We will now train our model using train method from caret library, this method will automatically find value of k using cross validation. Here we are using repeated cross validation method using trainControl . Number denotes either the number of folds and ‘repeats’ is for repeated ‘r’ fold cross validation. In this case, 3 separate 10-fold validations are used.
# Setting up train controls
repeats = 3
numbers = 10
tunel = 20
trnCntrl = trainControl(method = "repeatedcv",
number = numbers,
repeats = repeats,
classProbs = TRUE,
summaryFunction = twoClassSummary)
# KNN using train method fron caret
set.seed(123)
wineKnn <- train(quality~. , data = wine_trainsc, method = "knn",
trControl = trnCntrl,
metric = "ROC",
tuneLength = tunel)
# Summary of model
wineKnn
## k-Nearest Neighbors
##
## 1120 samples
## 11 predictor
## 2 classes: 'High', 'Low'
##
## No pre-processing
## Resampling: Cross-Validated (10 fold, repeated 3 times)
## Summary of sample sizes: 1008, 1008, 1009, 1008, 1007, 1008, ...

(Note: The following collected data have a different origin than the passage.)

(* Let $X$ be a topological space and let $\mathcal{A}(X)\subset C(X)$ have the finite-dimensional composition property of order $n$. Assume $\sigma:\mathbb{R}\to\mathbb{R}$ is continuous and nonaffine, and that there exist $t_0\in\mathbb{R}$ and an open neighborhood $U$ of $t_0$ such that $\sigma$ is differentiable on $U$ and $\sigma'$ is continuous at $t_0$ with $\sigma'(t_0)\neq0$. Let $m\ge1$, $K\subset X$ compact, and let $f_1,\dots,f_n\in\mathcal{A}(X)$ be such that, with $F=(f_1,\dots,f_n)$, the set $\{u\circ F|_K: u\in C(\mathbb{R}^n;\mathbb{R}^m)\}$ is dense in $C(K;\mathbb{R}^m)$ (such $f_i$ exist by the property). Then for every $g\in C(K;\mathbb{R}^m)$ and every $\varepsilon>0$ there is $H\in\mathcal{N}^{(n+m+2,m)}(X,\sigma;F)$ with $\sup_{x\in K}\|g(x)-H(x)\|_{\mathbb{R}^m}<\varepsilon$; i.e. $\mathcal{N}^{(n+m+2,m)}(X,\sigma;F)|_K$ is dense in $C(K;\mathbb{R}^m)$.
   Context: A family $\mathcal{A}(X)\subset C(X)$ has the finite-dimensional composition property of order $n$ if for every compact $K\subset X$ and every integer $m\ge1$ there exist $f_1,\dots,f_n\in\mathcal{A}(X)$ such that, with $F=(f_1,\dots,f_n):X\to\mathbb{R}^n$, the set $\{u\circ F|_K: u\in C(\mathbb{R}^n;\mathbb{R}^m)\}$ is dense in $C(K;\mathbb{R}^m)$ (uniform norm on $K$). A classical deep feedforward network $\Phi:\mathbb{R}^n\to\mathbb{R}^m$ with activation $\sigma$ is a map $\Phi=T_{l+1}\circ\sigma\circ T_l\circ\cdots\circ\sigma\circ T_0$ with affine maps $T_0:\mathbb{R}^n\to\mathbb{R}^{k_0}$, $T_j:\mathbb{R}^{k_{j-1}}\to\mathbb{R}^{k_j}$, $T_{l+1}:\mathbb{R}^{k_l}\to\mathbb{R}^m$, $\sigma$ acting componentwise; its width is $\max_j k_j$ (the maximal number of neurons in a hidden layer), with arbitrary depth $l$. For $F=(f_1,\dots,f_n)$ with $f_i\in\mathcal{A}(X)$, $k\in\mathbb{N}$ and $m\ge1$, $\mathcal{N}^{(k,m)}(X,\sigma;F)$ denotes the set of all $H:X\to\mathbb{R}^m$ of the form $H=\Phi\circ F$ where $\Phi:\mathbb{R}^n\to\mathbb{R}^m$ is a classical deep feedforward network with activation $\sigma$ and width at most $k$. *)

theory Defs
  imports "HOL-Analysis.Analysis"
begin

text \<open>The space R^k is represented by the carrier Rn k of functions
  nat => real vanishing at all indices >= k, with the (product) topology inherited
  from nat => real; this subspace is homeomorphic to Euclidean R^k.\<close>

definition Rn :: "nat \<Rightarrow> (nat \<Rightarrow> real) set" where
  "Rn k = {x. \<forall>i\<ge>k. x i = 0}"

definition vnorm :: "nat \<Rightarrow> (nat \<Rightarrow> real) \<Rightarrow> real" where
  "vnorm k x = sqrt (\<Sum>i<k. (x i)\<^sup>2)"

text \<open>The map F = (f_1, ..., f_n) : X -> R^n (indices shifted to 0..n-1).\<close>
definition tuple :: "nat \<Rightarrow> (nat \<Rightarrow> 'a \<Rightarrow> real) \<Rightarrow> 'a \<Rightarrow> (nat \<Rightarrow> real)" where
  "tuple n f = (\<lambda>x i. if i < n then f i x else 0)"

definition dense_comp :: "nat \<Rightarrow> nat \<Rightarrow> 'a::topological_space set \<Rightarrow> ('a \<Rightarrow> (nat \<Rightarrow> real)) \<Rightarrow> bool" where
  "dense_comp n m K F \<longleftrightarrow>
     (\<forall>g. continuous_on K g \<and> g ` K \<subseteq> Rn m \<longrightarrow>
       (\<forall>\<epsilon>>0. \<exists>u. continuous_on (Rn n) u \<and> u ` Rn n \<subseteq> Rn m \<and>
                    (\<forall>x\<in>K. vnorm m (g x - u (F x)) < \<epsilon>)))"

definition fd_comp_property :: "('a::topological_space \<Rightarrow> real) set \<Rightarrow> nat \<Rightarrow> bool" where
  "fd_comp_property A n \<longleftrightarrow>
     (\<forall>K m. compact K \<and> m \<ge> 1 \<longrightarrow>
        (\<exists>f. (\<forall>i<n. f i \<in> A) \<and> dense_comp n m K (tuple n f)))"
(* Let $(S,\mu)$ be a $\sigma$-finite measure space. Every uniformly integrable set of graphons in $L^1(S\times S,\mu\times\mu)$ is relatively complete for the cut norm, i.e. every sequence in the set that is Cauchy for $\|\cdot\|_\square$ converges in $\|\cdot\|_\square$ to some graphon on $(S,\mu)$.
   Context: A graphon on $(S,\mu)$ is a symmetric function $W\in L^1(S\times S,\mu\times\mu)$; functions equal a.e. are identified. Cut norm: $\|F\|_\square:=\sup_{T,U}|\int_{T\times U}F\,d\mu\,d\mu|$ over measurable $T,U\subseteq S$. A set $\mathcal A$ of integrable functions is uniformly integrable if (UI1) $\sup_{F\in\mathcal A}\int|F|<\infty$ and (UI2) $\sup_{F\in\mathcal A}\int_{|F|>B}|F|\to0$ as $B\to\infty$. *)

theory Defs
  imports "HOL-Analysis.Analysis"
begin

text \<open>A graphon on (S,mu): a symmetric integrable real function on S x S
  (symmetry up to null sets, since functions equal a.e. are identified).\<close>
definition graphon :: "'a measure \<Rightarrow> ('a \<times> 'a \<Rightarrow> real) \<Rightarrow> bool" where
  "graphon M W \<longleftrightarrow> integrable (M \<Otimes>\<^sub>M M) W \<and>
     (AE z in M \<Otimes>\<^sub>M M. W (snd z, fst z) = W z)"

definition cut_norm :: "'a measure \<Rightarrow> ('a \<times> 'a \<Rightarrow> real) \<Rightarrow> real" where
  "cut_norm M F = (SUP TU \<in> sets M \<times> sets M.
      \<bar>LINT z:(fst TU \<times> snd TU)|(M \<Otimes>\<^sub>M M). F z\<bar>)"

definition unif_integrable :: "'a measure \<Rightarrow> ('a \<times> 'a \<Rightarrow> real) set \<Rightarrow> bool" where
  "unif_integrable M A \<longleftrightarrow>
     (\<exists>C. \<forall>F\<in>A. (LINT z|(M \<Otimes>\<^sub>M M). \<bar>F z\<bar>) \<le> C) \<and>
     (\<forall>e>0. \<exists>B0. \<forall>B\<ge>B0. \<forall>F\<in>A.
        (LINT z:{z \<in> space (M \<Otimes>\<^sub>M M). \<bar>F z\<bar> > B}|(M \<Otimes>\<^sub>M M). \<bar>F z\<bar>) \<le> e)"

end

theory Submission
  imports Defs
begin

text \<open>Cut-Cauchy sequences have convergent integrals over every rectangle \<open>T \<times> U\<close>.
  Exhaust \<open>S \<times> S\<close> by squares \<open>A\<^sub>k \<times> A\<^sub>k\<close> of finite measure. Uniform integrability gives
  uniform absolute continuity, which lets setwise convergence pass from rectangles to all
  measurable subsets of a square (a Dynkin argument) and makes the limit set function countably
  additive. Its positive and negative variations are finite measures absolutely continuous with
  respect to \<open>\<mu> \<times> \<mu>\<close>, so Radon-Nikodym yields an integrable \<open>V\<close> whose rectangle integrals
  are the limits. Averaging \<open>V\<close> with its reflection gives a graphon with the same rectangle
  integrals, and the Cauchy property upgrades rectangle-wise convergence to cut-norm convergence.\<close>

lemma ennreal_add_le: "ennreal (a + b) \<le> ennreal a + ennreal b"
  by (auto simp: ennreal_plus_if intro!: ennreal_leI)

## Resampling results across tuning parameters:
##
## k ROC Sens Spec
## 5 0.7994567 0.7846704 0.6737421
## 7 0.8006876 0.7712806 0.6679487
## 9 0.8111298 0.7829473 0.6903120
## 11 0.8109276 0.7696045 0.6979923
## 13 0.8112747 0.7729379 0.6999032
## 15 0.8123058 0.7667797 0.6973149
## 17 0.8131111 0.7740113 0.6998670
## 19 0.8161605 0.7690113 0.7069424
## 21 0.8131647 0.7701036 0.7037978
## 23 0.8139441 0.7701130 0.7069787
## 25 0.8145111 0.7712524 0.6998791
## 27 0.8135681 0.7701412 0.6922109
## 29 0.8129872 0.7696045 0.6979560
## 31 0.8114864 0.7745763 0.6896710
## 33 0.8120940 0.7746045 0.6934930
## 35 0.8145213 0.7706968 0.6992501
## 37 0.8147393 0.7679190 0.6947750
## 39 0.8140626 0.7779567 0.6941461
## 41 0.8151652 0.7751412 0.6966860
## 43 0.8151473 0.7729190 0.6934930
##
## ROC was used to select the optimal model using the largest value.

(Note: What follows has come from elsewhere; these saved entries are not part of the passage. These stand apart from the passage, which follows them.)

(* For any tree $T$, $\gamma_{oidR}(T)\ge 2\beta(T)+1$, and this bound is tight (there are trees attaining equality).
   Context: $\beta(T)$ is the vertex cover number of $T$. A DRD function of $G$ is $f:V(G)\to\{0,1,2,3\}$ such that every vertex with value $0$ has a neighbor with value $3$ or two neighbors with value $2$, and every vertex with value $1$ has a neighbor with value at least $2$; it is an OIDRD function if the set of vertices with value $0$ is independent, and $\gamma_{oidR}(G)$ is the minimum weight $\sum_v f(v)$ of an OIDRD function. *)

theory Defs
  imports Main
begin

definition is_graph :: "'a set \<Rightarrow> ('a \<Rightarrow> 'a \<Rightarrow> bool) \<Rightarrow> bool" where
  "is_graph V E \<longleftrightarrow> finite V \<and>
     (\<forall>u v. E u v \<longrightarrow> u \<in> V \<and> v \<in> V \<and> u \<noteq> v \<and> E v u)"

definition connected_graph :: "'a set \<Rightarrow> ('a \<Rightarrow> 'a \<Rightarrow> bool) \<Rightarrow> bool" where
  "connected_graph V E \<longleftrightarrow> (\<forall>u\<in>V. \<forall>v\<in>V. E\<^sup>*\<^sup>* u v)"

definition has_cycle :: "'a set \<Rightarrow> ('a \<Rightarrow> 'a \<Rightarrow> bool) \<Rightarrow> bool" where
  "has_cycle V E \<longleftrightarrow> (\<exists>cs. length cs \<ge> 3 \<and> distinct cs \<and> set cs \<subseteq> V \<and>
     (\<forall>i. Suc i < length cs \<longrightarrow> E (cs ! i) (cs ! Suc i)) \<and> E (last cs) (hd cs))"

definition is_tree :: "'a set \<Rightarrow> ('a \<Rightarrow> 'a \<Rightarrow> bool) \<Rightarrow> bool" where
  "is_tree V E \<longleftrightarrow> is_graph V E \<and> V \<noteq> {} \<and> connected_graph V E \<and> \<not> has_cycle V E"

definition vertex_cover :: "'a set \<Rightarrow> ('a \<Rightarrow> 'a \<Rightarrow> bool) \<Rightarrow> 'a set \<Rightarrow> bool" where
  "vertex_cover V E S \<longleftrightarrow> S \<subseteq> V \<and> (\<forall>u v. E u v \<longrightarrow> u \<in> S \<or> v \<in> S)"

definition beta :: "'a set \<Rightarrow> ('a \<Rightarrow> 'a \<Rightarrow> bool) \<Rightarrow> nat" where
  "beta V E = (LEAST k. \<exists>S. vertex_cover V E S \<and> card S = k)"

definition DRD :: "'a set \<Rightarrow> ('a \<Rightarrow> 'a \<Rightarrow> bool) \<Rightarrow> ('a \<Rightarrow> nat) \<Rightarrow> bool" where
  "DRD V E f \<longleftrightarrow> (\<forall>v\<in>V. f v \<le> 3) \<and>
     (\<forall>v\<in>V. f v = 0 \<longrightarrow> (\<exists>u. E v u \<and> f u = 3) \<or>
                         (\<exists>u w. u \<noteq> w \<and> E v u \<and> E v w \<and> f u = 2 \<and> f w = 2)) \<and>
     (\<forall>v\<in>V. f v = 1 \<longrightarrow> (\<exists>u. E v u \<and> f u \<ge> 2))"

definition OIDRD :: "'a set \<Rightarrow> ('a \<Rightarrow> 'a \<Rightarrow> bool) \<Rightarrow> ('a \<Rightarrow> nat) \<Rightarrow> bool" where
  "OIDRD V E f \<longleftrightarrow> DRD V E f \<and>
     (\<forall>u\<in>V. \<forall>v\<in>V. f u = 0 \<and> f v = 0 \<longrightarrow> \<not> E u v)"

definition gamma_oidR :: "'a set \<Rightarrow> ('a \<Rightarrow> 'a \<Rightarrow> bool) \<Rightarrow> nat" where
  "gamma_oidR V E = (LEAST w. \<exists>f. OIDRD V E f \<and> (\<Sum>v\<in>V. f v) = w)"

end

theory Submission
  imports Defs
begin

## The final value used for the model was k = 19.
# Plot to visualize optimal k selection
plot(wineKnn)
The plot above shows optimal value for k as 19 . And the final model was built using K = 19
Finally to make predictions on our test set, we use predict function in which the first argument is the formula to be applied and second argument is the new data on which we want the predictions.

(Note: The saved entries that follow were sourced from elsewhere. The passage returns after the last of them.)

lemma square_sum_bound:
  assumes lf: "locally_finite V E" and a: "a \<in> V" and b: "b \<in> V" and ab: "E a b"
    and lip: "edge_lipschitz V E f" and "f a = 0" "f b = 1"
  shows "sum f (sq V E b a) / real (deg V E b) - sum f (sq V E a b) / real (deg V E a)
     \<le> 2 * real (card (sq V E b a)) / real (deg V E b) + real (card (sq V E a b)) / real (deg V E a)
        - sq_term V E a b"
proof (cases "sq V E a b = {}")
  case True
  then show ?thesis
    using sq_empty_sym by (simp add: sq_term_def)
next
  case False
  then show ?thesis
    using square_transport_bound[OF assms] by (simp add: sq_term_def)
qed

lemma sum_nbhd_edge_split:
  assumes fin: "finite (nbhd V E a)" and b: "b \<in> nbhd V E a"
  shows "sum g (nbhd V E a) = g b + sum g (tri V E a b) + sum g (sq V E a b)
           + sum g (nbhd V E a - insert b (nbhd V E b) - sq V E a b)"
proof -
  let ?T = "tri V E a b" and ?S = "sq V E a b" and ?R = "nbhd V E a - insert b (nbhd V E b) - sq V E a b"
  have S_sub: "?S \<subseteq> nbhd V E a - insert b (nbhd V E b)"
    by (auto simp: sq_def)
  have "b \<notin> nbhd V E b"
    using edge_irrefl by (simp add: nbhd_def)
  then have b_notin: "b \<notin> ?T \<union> ?S \<union> ?R"
    using S_sub by (auto simp: tri_def)
  have fins: "finite ?T" "finite ?S" "finite ?R"
    using fin S_sub by (auto simp: tri_def intro: finite_subset)
  have "nbhd V E a = insert b (?T \<union> ?S \<union> ?R)"
    using b S_sub by (auto simp: tri_def)
  then have "sum g (nbhd V E a) = sum g (insert b (?T \<union> ?S \<union> ?R))"
    by (rule arg_cong)
  also have "\<dots> = g b + sum g (?T \<union> ?S \<union> ?R)"
    using b_notin fins by (intro sum.insert) auto
  also have "sum g (?T \<union> ?S \<union> ?R) = sum g (?T \<union> ?S) + sum g ?R"
    using fins by (intro sum.union_disjoint) (auto simp: tri_def)
  also have "sum g (?T \<union> ?S) = sum g ?T + sum g ?S"
    using fins S_sub by (intro sum.union_disjoint) (auto simp: tri_def)
  finally show ?thesis
    by (simp add: add.assoc)
qed

lemma laplacian_edge_le_normalized:
  assumes lf: "locally_finite V E" and a: "a \<in> V" and b: "b \<in> V" and ab: "E a b"
    and ric: "0 < bf_ric V E a b"
    and lip: "edge_lipschitz V E f" and fa: "f a = 0" and fb: "f b = 1"
  shows "laplacian V E f b \<le> laplacian V E f a - bf_ric V E a b"
proof -
  define T where "T = tri V E a b"
  define Sa where "Sa = sq V E a b"
  define Sb where "Sb = sq V E b a"
  define Ra where "Ra = nbhd V E a - insert b (nbhd V E b) - Sa"
  define Rb where "Rb = nbhd V E b - insert a (nbhd V E a) - Sb"
  define da where "da = real (deg V E a)"
  define db where "db = real (deg V E b)"
  have nbhds: "finite (nbhd V E a)" "b \<in> nbhd V E a" "finite (nbhd V E b)" "a \<in> nbhd V E b"
    using lf a b ab edge_sym[OF ab] by (auto simp: locally_finite_def nbhd_def)
  have split_a: "sum g (nbhd V E a) = g b + sum g T + sum g Sa + sum g Ra" for g :: "'a \<Rightarrow> real"
    using sum_nbhd_edge_split[OF nbhds(1,2)] by (simp add: T_def Sa_def Ra_def)
  have split_b: "sum g (nbhd V E b) = g a + sum g T + sum g Sb + sum g Rb" for g :: "'a \<Rightarrow> real"
    using sum_nbhd_edge_split[OF nbhds(3,4)] by (simp add: T_def Sb_def Rb_def tri_def Int_commute)
  have da_eq: "da = 1 + real (card T) + real (card Sa) + real (card Ra)"
    using split_a[of "\<lambda>_. 1"] by (simp add: da_def deg_def)
  have db_eq: "db = 1 + real (card T) + real (card Sb) + real (card Rb)"
    using split_b[of "\<lambda>_. 1"] by (simp add: db_def deg_def)
  have f_a: "-1 \<le> f u" "f u \<le> 1" if "u \<in> nbhd V E a" for u
    using edge_lipschitz_nbhd[OF lip a that] fa by auto
  have f_b: "0 \<le> f u" "f u \<le> 2" if "u \<in> nbhd V E b" for u
    using edge_lipschitz_nbhd[OF lip b that] fb by auto
  have T_sum: "0 \<le> sum f T" "sum f T \<le> real (card T)"
    using sum_nonneg[of T f] sum_bounded_above[of T f 1] f_a f_b by (auto simp: T_def tri_def)
  have Ra_sum: "- real (card Ra) \<le> sum f Ra"
    using sum_bounded_below[of Ra "-1" f] f_a by (auto simp: Ra_def)
  have Rb_sum: "sum f Rb \<le> 2 * real (card Rb)"
    using sum_bounded_above[of Rb f 2] f_b by (auto simp: Rb_def mult.commute)
  have sq_sum: "sum f Sb / db - sum f Sa / da
      \<le> 2 * real (card Sb) / db + real (card Sa) / da - sq_term V E a b"
    using square_sum_bound[OF lf a b ab lip fa fb] by (simp add: Sa_def Sb_def da_def db_def)
  have "sum f (nbhd V E b) / db - sum f (nbhd V E a) / da \<le> 1 - bf_ric V E a b"
    using neighbour_means_bound[OF da_eq db_eq of_nat_0_le_iff of_nat_0_le_iff of_nat_0_le_iff
        of_nat_0_le_iff of_nat_0_le_iff T_sum Ra_sum Rb_sum sq_sum]
    by (simp add: split_a split_b fa fb bf_ric_eq_of_pos[OF ric] T_def da_def db_def)
  then show ?thesis
    by (simp add: laplacian_def fa fb da_def db_def)
qed

lemma laplacian_edge_le:
  assumes lf: "locally_finite V E" and a: "a \<in> V" and b: "b \<in> V" and ab: "E a b"
    and ric: "0 < bf_ric V E a b"
    and lip: "edge_lipschitz V E f" and fab: "f b = f a + 1"
  shows "laplacian V E f b \<le> laplacian V E f a - bf_ric V E a b"
proof -
  have "edge_lipschitz V E (\<lambda>u. f u - f a)"
    using lip by (simp add: edge_lipschitz_def)
  then have "laplacian V E (\<lambda>u. f u - f a) b \<le> laplacian V E (\<lambda>u. f u - f a) a - bf_ric V E a b"
    using laplacian_edge_le_normalized[OF lf a b ab ric] fab by simp
  then show ?thesis
    using deg_pos[OF lf a b edge_sym[OF ab]] deg_pos[OF lf b a ab]
    by (simp add: laplacian_diff_const)
qed

lemma laplacian_gdist_le:
  assumes lf: "locally_finite V E" and conn: "connected_graph V E" and "0 < k"
    and ric: "\<And>i j. i \<in> V \<Longrightarrow> j \<in> V \<Longrightarrow> E i j \<Longrightarrow> k \<le> bf_ric V E i j"
    and x: "x \<in> V" and u: "u \<in> V" and deg_u: "0 < deg V E u"
  shows "laplacian V E (\<lambda>v. real (gdist V E x v)) u \<le> 1 - real (gdist V E x u) * k"
  using u deg_u
proof (induction "gdist V E x u" arbitrary: u)
  case 0
  then show ?case
    using laplacian_le_one[OF edge_lipschitz_gdist[OF conn x]] by simp
next
  case (Suc n)
  let ?f = "\<lambda>v. real (gdist V E x v)"
  obtain z where z: "z \<in> V" "E z u" "gdist V E x z = n"
    using gdist_SucE[OF conn x Suc.prems(1) Suc.hyps(2)[symmetric]] .
  have "laplacian V E ?f u \<le> laplacian V E ?f z - bf_ric V E z u"
    using ric[OF z(1) Suc.prems(1) z(2)] \<open>0 < k\<close> Suc.hyps(2) z(3)
    by (intro laplacian_edge_le[OF lf z(1) Suc.prems(1) z(2) _ edge_lipschitz_gdist[OF conn x]]) auto
  also have "laplacian V E ?f z \<le> 1 - real n * k"
    using Suc.hyps(1)[OF z(3)[symmetric] z(1)] deg_pos[OF lf z(1) Suc.prems(1) edge_sym[OF z(2)]] z(3)
    by simp
  finally show ?case
    using ric[OF z(1) Suc.prems(1) z(2)] by (simp add: Suc.hyps(2)[symmetric] algebra_simps)
qed

lemma gdist_le_of_bf_ric_ge:
  assumes lf: "locally_finite V E" and conn: "connected_graph V E" and "0 < k"
    and ric: "\<And>i j. i \<in> V \<Longrightarrow> j \<in> V \<Longrightarrow> E i j \<Longrightarrow> k \<le> bf_ric V E i j"
    and x: "x \<in> V" and y: "y \<in> V"
  shows "real (gdist V E x y) \<le> 2 / k"
proof (cases "gdist V E x y")
  case 0
  then show ?thesis
    using \<open>0 < k\<close> by simp
next
  case (Suc m)
  then obtain z where "z \<in> V" "E z y"
    using gdist_SucE[OF conn x y] by metis
  then have "0 < deg V E y"
    using deg_pos[OF lf y] by blast
  then have "-1 \<le> 1 - real (gdist V E x y) * k"
    using laplacian_ge_minus_one[OF edge_lipschitz_gdist[OF conn x] y]
      laplacian_gdist_le[OF lf conn \<open>0 < k\<close> ric x y] by fastforce
  then show ?thesis
    using \<open>0 < k\<close> by (simp add: pos_le_divide_eq)
qed

lemma finite_of_bf_ric_ge:
  assumes lf: "locally_finite V E" and conn: "connected_graph V E" and "0 < k"
    and ric: "\<And>i j. i \<in> V \<Longrightarrow> j \<in> V \<Longrightarrow> E i j \<Longrightarrow> k \<le> bf_ric V E i j"
  shows "finite V"
proof (cases "V = {}")
  case False
  then obtain x where x: "x \<in> V"
    by blast
  have "gdist V E x u \<le> nat \<lceil>2 / k\<rceil>" if "u \<in> V" for u
    using gdist_le_of_bf_ric_ge[OF lf conn \<open>0 < k\<close> ric x that] by linarith
  then have "V \<subseteq> {u \<in> V. gdist V E x u \<le> nat \<lceil>2 / k\<rceil>}"
    by blast
  then show ?thesis
    using finite_gdist_le[OF conn lf x] finite_subset by blast
qed simp

end

theorem corollary3:
  fixes V :: "'a set" and E :: "'a \<Rightarrow> 'a \<Rightarrow> bool"
  assumes "simple_graph V E"
    and "connected_graph V E"
    and "locally_finite V E"
    and "\<exists>k::real. k > 0 \<and> (\<forall>i\<in>V. \<forall>j\<in>V. E i j \<longrightarrow> bf_ric V E i j \<ge> k)"
  shows "\<exists>P :: real poly. \<forall>v\<in>V. \<forall>r::real. r \<ge> 0 \<longrightarrow>
           real (card (gball V E r v)) \<le> poly P r"
proof -
  interpret sgraph V E
    using assms(1) by (rule sgraph.intro)
  obtain k :: real where "0 < k" and "\<forall>i\<in>V. \<forall>j\<in>V. E i j \<longrightarrow> k \<le> bf_ric V E i j"
    using assms(4) by blast
  then have "finite V"
    using finite_of_bf_ric_ge[OF assms(3,2)] by blast
  then have "real (card (gball V E r v)) \<le> poly [:real (card V):] r" for r v
    by (simp add: card_mono gball_def)
  then show ?thesis
    by blast
qed

end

# Predict values using model
test_pred <- predict(wineKnn ,wine_testsc, type = "prob")
# Reforctoring values in two classes
test_pred$final <- as.factor(ifelse(test_pred$High > 0.5 ,"High","Low"))
#Evaluating model performance
confusionMatrix(wineTest_label, test_pred$final)
## Confusion Matrix and Statistics
##
## Reference
## Prediction High Low
## High 200 56
## Low 78 145
##
## Accuracy : 0.7203
## 95% CI : (0.6777, 0.76)
## No Information Rate : 0.5804
## P-Value [Acc > NIR] : 1.513e-10
##
## Kappa : 0.4342
## Mcnemar's Test P-Value : 0.06966
##
## Sensitivity : 0.7194
## Specificity : 0.7214
## Pos Pred Value : 0.7813
## Neg Pred Value : 0.6502
## Prevalence : 0.5804
## Detection Rate : 0.4175
## Detection Prevalence : 0.5344
## Balanced Accuracy : 0.7204
##
## 'Positive' Class : High
##
Here we have accuracy of ~ 72 % .Our Classifier can be further tunned to incrase accuracy.
This concludes our exercise of building a kNN classifier.